WORK INSTRUCTION
Return, from the data below, each line that contains the word "auto".

(DATA begins)

text \<open>The identity behind the Montgomery--Vaughan argument: after expanding the square,
  the partial fraction decomposition turns the off-diagonal terms into Hilbert sums again.\<close>
lemma hilbert_sum_square_expand:
  fixes x :: "int \<Rightarrow> real"
  assumes fin: "finite I" and inj: "inj_on lam I" and m: "m \<in> I"
  shows "(hilbert_sum lam I x m)^2 = (\<Sum>n\<in>I - {m}. (x n / (lam m - lam n))^2
    + 2 * (x n / (lam m - lam n) * (hilbert_sum lam I x n + x m / (lam m - lam n))))"
proof -
  define A where "A = I - {m}"
  define r where "r n = 1 / (lam m - lam n)" for n
  define \<rho> where "\<rho> n k = 1 / (lam n - lam k)" for n k
  have fA: "finite A" using fin by (simp add: A_def)
  have pf: "r n * r k = \<rho> n k * r n + \<rho> k n * r k" if "n \<in> A" "k \<in> A - {n}" for n k
    using that m inj unfolding r_def \<rho>_def A_def
    by (intro partial_fractions) (auto dest: inj_onD)
  have rest: "(\<Sum>k\<in>A - {n}. x k * \<rho> n k) = hilbert_sum lam I x n + x m * r n" if "n \<in> A" for n
    using hilbert_sum_remove_point[OF fin m, of n x lam] that
    unfolding A_def \<rho>_def r_def by simp
  have "(hilbert_sum lam I x m)^2 = (\<Sum>n\<in>A. \<Sum>k\<in>A. x n * x k * (r n * r k))"
    unfolding hilbert_sum_real power2_eq_square sum_product A_def r_def by (simp add: ac_simps)
  also have "\<dots> = (\<Sum>n\<in>A. (x n * r n)^2 + (\<Sum>k\<in>A - {n}. x n * x k * (r n * r k)))"
    using fA by (intro sum.cong refl, subst sum.remove) (auto simp: power2_eq_square)
  also have "\<dots> = (\<Sum>n\<in>A. (x n * r n)^2) + (\<Sum>n\<in>A. \<Sum>k\<in>A - {n}. x n * x k * (\<rho> n k * r n))
      + (\<Sum>n\<in>A. \<Sum>k\<in>A - {n}. x n * x k * (\<rho> k n * r k))"
  proof -
    have "(\<Sum>n\<in>A. \<Sum>k\<in>A - {n}. x n * x k * (r n * r k))
        = (\<Sum>n\<in>A. \<Sum>k\<in>A - {n}. x n * x k * (\<rho> n k * r n) + x n * x k * (\<rho> k n * r k))"
      by (intro sum.cong refl) (simp add: pf distrib_left)
    then show ?thesis by (simp add: sum.distrib add.assoc)
  qed
  also have "(\<Sum>n\<in>A. \<Sum>k\<in>A - {n}. x n * x k * (\<rho> k n * r k))
      = (\<Sum>n\<in>A. \<Sum>k\<in>A - {n}. x n * x k * (\<rho> n k * r n))"
    by (subst sum_off_diagonal_swap[OF fA]) (simp add: ac_simps)
  also have "(\<Sum>n\<in>A. \<Sum>k\<in>A - {n}. x n * x k * (\<rho> n k * r n))
      = (\<Sum>n\<in>A. x n * r n * (hilbert_sum lam I x n + x m * r n))"
    by (simp add: rest sum_distrib_left[symmetric] ac_simps cong: sum.cong)
  finally show ?thesis
    unfolding A_def r_def by (simp only: sum.distrib mult_2 add.assoc times_divide_eq_right mult_1_right)
qed

lemma hilbert_sum_square:
  fixes x :: "int \<Rightarrow> real"
  assumes "finite I" "inj_on lam I" "m \<in> I"
  shows "(hilbert_sum lam I x m)^2 = (\<Sum>n\<in>I - {m}.
    ((x n)^2 + 2 * x m * x n) / (lam m - lam n)^2 + 2 * x n * hilbert_sum lam I x n / (lam m - lam n))"
  unfolding hilbert_sum_square_expand[OF assms]
proof (intro sum.cong refl)
  have expand: "(a / d)^2 + 2 * (a / d * (h + b / d)) = (a^2 + 2 * b * a) / d^2 + 2 * a * h / d"
    if "d \<noteq> 0" for a b d h :: real
    using that by (simp add: field_simps power2_eq_square)
  fix n assume "n \<in> I - {m}"
  then have "lam m - lam n \<noteq> 0" using assms by (auto dest: inj_onD)
  from expand[OF this] show "(x n / (lam m - lam n))^2
      + 2 * (x n / (lam m - lam n) * (hilbert_sum lam I x n + x m / (lam m - lam n)))
    = ((x n)^2 + 2 * x m * x n) / (lam m - lam n)^2 + 2 * x n * hilbert_sum lam I x n / (lam m - lam n)" .
qed

lemma norm_hilbert_sum_square:
  fixes u :: "int \<Rightarrow> complex"
  assumes "finite I" "inj_on lam I" "m \<in> I"
  shows "(cmod (hilbert_sum lam I u m))^2 = (\<Sum>n\<in>I - {m}.
    ((cmod (u n))^2 + 2 * Re (u m * cnj (u n))) / (lam m - lam n)^2
      + 2 * Re (u n * cnj (hilbert_sum lam I u n)) / (lam m - lam n))" (is "_ = ?rhs")
proof -
  have "(cmod (hilbert_sum lam I u m))^2
      = (hilbert_sum lam I (\<lambda>n. Re (u n)) m)^2 + (hilbert_sum lam I (\<lambda>n. Im (u n)) m)^2"
    by (simp add: cmod_power2 Re_hilbert_sum Im_hilbert_sum)
  also have "\<dots> = ?rhs"
    unfolding hilbert_sum_square[OF assms] sum.distrib[symmetric]
    by (intro sum.cong refl) (simp add: Re_hilbert_sum Im_hilbert_sum cmod_power2 add_divide_distrib algebra_simps)
  finally show ?thesis .
qed

lemma weighted_norm_hilbert_sum_square_sum:
  fixes u :: "int \<Rightarrow> complex" and w :: "int \<Rightarrow> real"
  assumes fin: "finite I" and inj: "inj_on lam I"
    and orth: "\<And>n. n \<in> I \<Longrightarrow> Re (u n * cnj (hilbert_sum lam I u n)) = 0"
  shows "(\<Sum>m\<in>I. w m * (cmod (hilbert_sum lam I u m))^2)
    = (\<Sum>n\<in>I. (cmod (u n))^2 * (\<Sum>m\<in>I - {n}. w m / (lam m - lam n)^2))
      + 2 * (\<Sum>m\<in>I. \<Sum>n\<in>I - {m}. w m * Re (u m * cnj (u n)) / (lam m - lam n)^2)"
proof -
  have "w m * (cmod (hilbert_sum lam I u m))^2
      = (\<Sum>n\<in>I - {m}. w m * (cmod (u n))^2 / (lam m - lam n)^2
          + 2 * (w m * Re (u m * cnj (u n)) / (lam m - lam n)^2))" if m: "m \<in> I" for m
    unfolding norm_hilbert_sum_square[OF fin inj m] sum_distrib_left
  proof (intro sum.cong refl)
    fix n assume "n \<in> I - {m}"
    then have vanish: "Re (u n * cnj (hilbert_sum lam I u n)) = 0" by (intro orth) simp
    show "w m * (((cmod (u n))^2 + 2 * Re (u m * cnj (u n))) / (lam m - lam n)^2
          + 2 * Re (u n * cnj (hilbert_sum lam I u n)) / (lam m - lam n))
        = w m * (cmod (u n))^2 / (lam m - lam n)^2 + 2 * (w m * Re (u m * cnj (u n)) / (lam m - lam n)^2)"
      unfolding vanish by (simp add: add_divide_distrib algebra_simps)
  qed
  then have "(\<Sum>m\<in>I. w m * (cmod (hilbert_sum lam I u m))^2)
      = (\<Sum>m\<in>I. \<Sum>n\<in>I - {m}. w m * (cmod (u n))^2 / (lam m - lam n)^2)
        + 2 * (\<Sum>m\<in>I. \<Sum>n\<in>I - {m}. w m * Re (u m * cnj (u n)) / (lam m - lam n)^2)"
    by (simp add: sum.distrib sum_distrib_left)
  also have "(\<Sum>m\<in>I. \<Sum>n\<in>I - {m}. w m * (cmod (u n))^2 / (lam m - lam n)^2)
      = (\<Sum>n\<in>I. (cmod (u n))^2 * (\<Sum>m\<in>I - {n}. w m / (lam m - lam n)^2))"
    by (subst sum_off_diagonal_swap[OF fin]) (simp add: sum_distrib_left ac_simps)
  finally show ?thesis .
qed

lemma off_diagonal_Re_le:
  fixes u :: "int \<Rightarrow> complex"
  assumes sm: "strict_mono lam"
    and off: "\<And>t. (\<forall>n\<in>I. 0 \<le> t n) \<Longrightarrow>
       (\<Sum>m\<in>I. \<Sum>n\<in>I - {m}. gap lam m * t m * t n / (lam m - lam n)^2) \<le> C * (\<Sum>n\<in>I. (t n)^2 / gap lam n)"
  shows "(\<Sum>m\<in>I. \<Sum>n\<in>I - {m}. gap lam m * Re (u m * cnj (u n)) / (lam m - lam n)^2)
    \<le> C * (\<Sum>n\<in>I. (cmod (u n))^2 / gap lam n)"
proof -
  have "(\<Sum>m\<in>I. \<Sum>n\<in>I - {m}. gap lam m * Re (u m * cnj (u n)) / (lam m - lam n)^2)
      \<le> (\<Sum>m\<in>I. \<Sum>n\<in>I - {m}. gap lam m * cmod (u m) * cmod (u n) / (lam m - lam n)^2)"
  proof (intro sum_mono divide_right_mono zero_le_power2)
    fix m n
    have "Re (u m * cnj (u n)) \<le> cmod (u m) * cmod (u n)"
      using complex_Re_le_cmod[of "u m * cnj (u n)"] by (simp only: norm_mult complex_mod_cnj)
    from mult_left_mono[OF this less_imp_le[OF gap_pos[OF sm]]]
    show "gap lam m * Re (u m * cnj (u n)) \<le> gap lam m * cmod (u m) * cmod (u n)"
      by (simp only: mult.assoc)
  qed
  also have "\<dots> \<le> C * (\<Sum>n\<in>I. (cmod (u n))^2 / gap lam n)" by (rule off) simp
  finally show ?thesis .
qed

lemma hilbert_eigenvalue_bound:
  fixes u :: "int \<Rightarrow> complex"
  assumes sm: "strict_mono lam" and fin: "finite I"
    and off: "\<And>t. (\<forall>n\<in>I. 0 \<le> t n) \<Longrightarrow>
       (\<Sum>m\<in>I. \<Sum>n\<in>I - {m}. gap lam m * t m * t n / (lam m - lam n)^2) \<le> C * (\<Sum>n\<in>I. (t n)^2 / gap lam n)"
    and eig: "\<And>m. m \<in> I \<Longrightarrow> hilbert_sum lam I u m = - \<i> * of_real (\<mu> / gap lam m) * u m"
    and nz: "m0 \<in> I" "u m0 \<noteq> 0"
  shows "\<mu>^2 \<le> pi^2 / 3 + 2 * C"
proof -
  have gp: "0 < gap lam m" for m by (rule gap_pos[OF sm])
  have inj: "inj_on lam I" using strict_mono_imp_inj_on[OF sm] by (rule inj_on_subset) (rule subset_UNIV)
  define N where "N = (\<Sum>n\<in>I. (cmod (u n))^2 / gap lam n)"
  have "0 < (cmod (u m0))^2 / gap lam m0" using nz gp by simp
  also have "\<dots> \<le> N" unfolding N_def using fin nz gp
    by (intro member_le_sum) (auto intro!: divide_nonneg_nonneg simp: less_imp_le[OF gp])
  finally have N: "0 < N" .
  have orth: "Re (u n * cnj (hilbert_sum lam I u n)) = 0" if "n \<in> I" for n
    by (cases "u n") (simp add: eig[OF that] algebra_simps)
  have "cmod (hilbert_sum lam I u m) = \<bar>\<mu>\<bar> / gap lam m * cmod (u m)" if "m \<in> I" for m
    using gp[of m] by (simp add: eig[OF that] norm_mult del: of_real_divide)
  then have "\<mu>^2 * N = (\<Sum>m\<in>I. gap lam m * (cmod (hilbert_sum lam I u m))^2)"
    unfolding N_def sum_distrib_left using gp
    by (intro sum.cong refl) (simp add: power_mult_distrib power_divide power2_eq_square)
  also have "\<dots> = (\<Sum>n\<in>I. (cmod (u n))^2 * (\<Sum>m\<in>I - {n}. gap lam m / (lam m - lam n)^2))
      + 2 * (\<Sum>m\<in>I. \<Sum>n\<in>I - {m}. gap lam m * Re (u m * cnj (u n)) / (lam m - lam n)^2)"
    by (rule weighted_norm_hilbert_sum_square_sum[OF fin inj orth])
  also have "\<dots> \<le> pi^2 / 3 * N + 2 * (C * N)"
  proof (rule add_mono)
    have "(\<Sum>n\<in>I. (cmod (u n))^2 * (\<Sum>m\<in>I - {n}. gap lam m / (lam m - lam n)^2))
        \<le> (\<Sum>n\<in>I. (cmod (u n))^2 * (pi^2 / (3 * gap lam n)))"
      by (intro sum_mono mult_left_mono gap_sum_le[OF sm fin]) simp
    also have "\<dots> = pi^2 / 3 * N" unfolding N_def sum_distrib_left by (simp add: ac_simps)
    finally show "(\<Sum>n\<in>I. (cmod (u n))^2 * (\<Sum>m\<in>I - {n}. gap lam m / (lam m - lam n)^2))
        \<le> pi^2 / 3 * N" .
  next
    show "2 * (\<Sum>m\<in>I. \<Sum>n\<in>I - {m}. gap lam m * Re (u m * cnj (u n)) / (lam m - lam n)^2)
        \<le> 2 * (C * N)"
      unfolding N_def using off_diagonal_Re_le[OF sm off] by simp
  qed
  finally have "\<mu>^2 * N \<le> (pi^2 / 3 + 2 * C) * N" by (simp add: algebra_simps)
  then show ?thesis using N by (simp add: mult_le_cancel_right_pos)
qed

(DATA ends)

RESULT OF THIS EXERCISE
    by (intro partial_fractions) (auto dest: inj_onD)
    using fA by (intro sum.cong refl, subst sum.remove) (auto simp: power2_eq_square)
  then have "lam m - lam n \<noteq> 0" using assms by (auto dest: inj_onD)
    by (intro member_le_sum) (auto intro!: divide_nonneg_nonneg simp: less_imp_le[OF gp])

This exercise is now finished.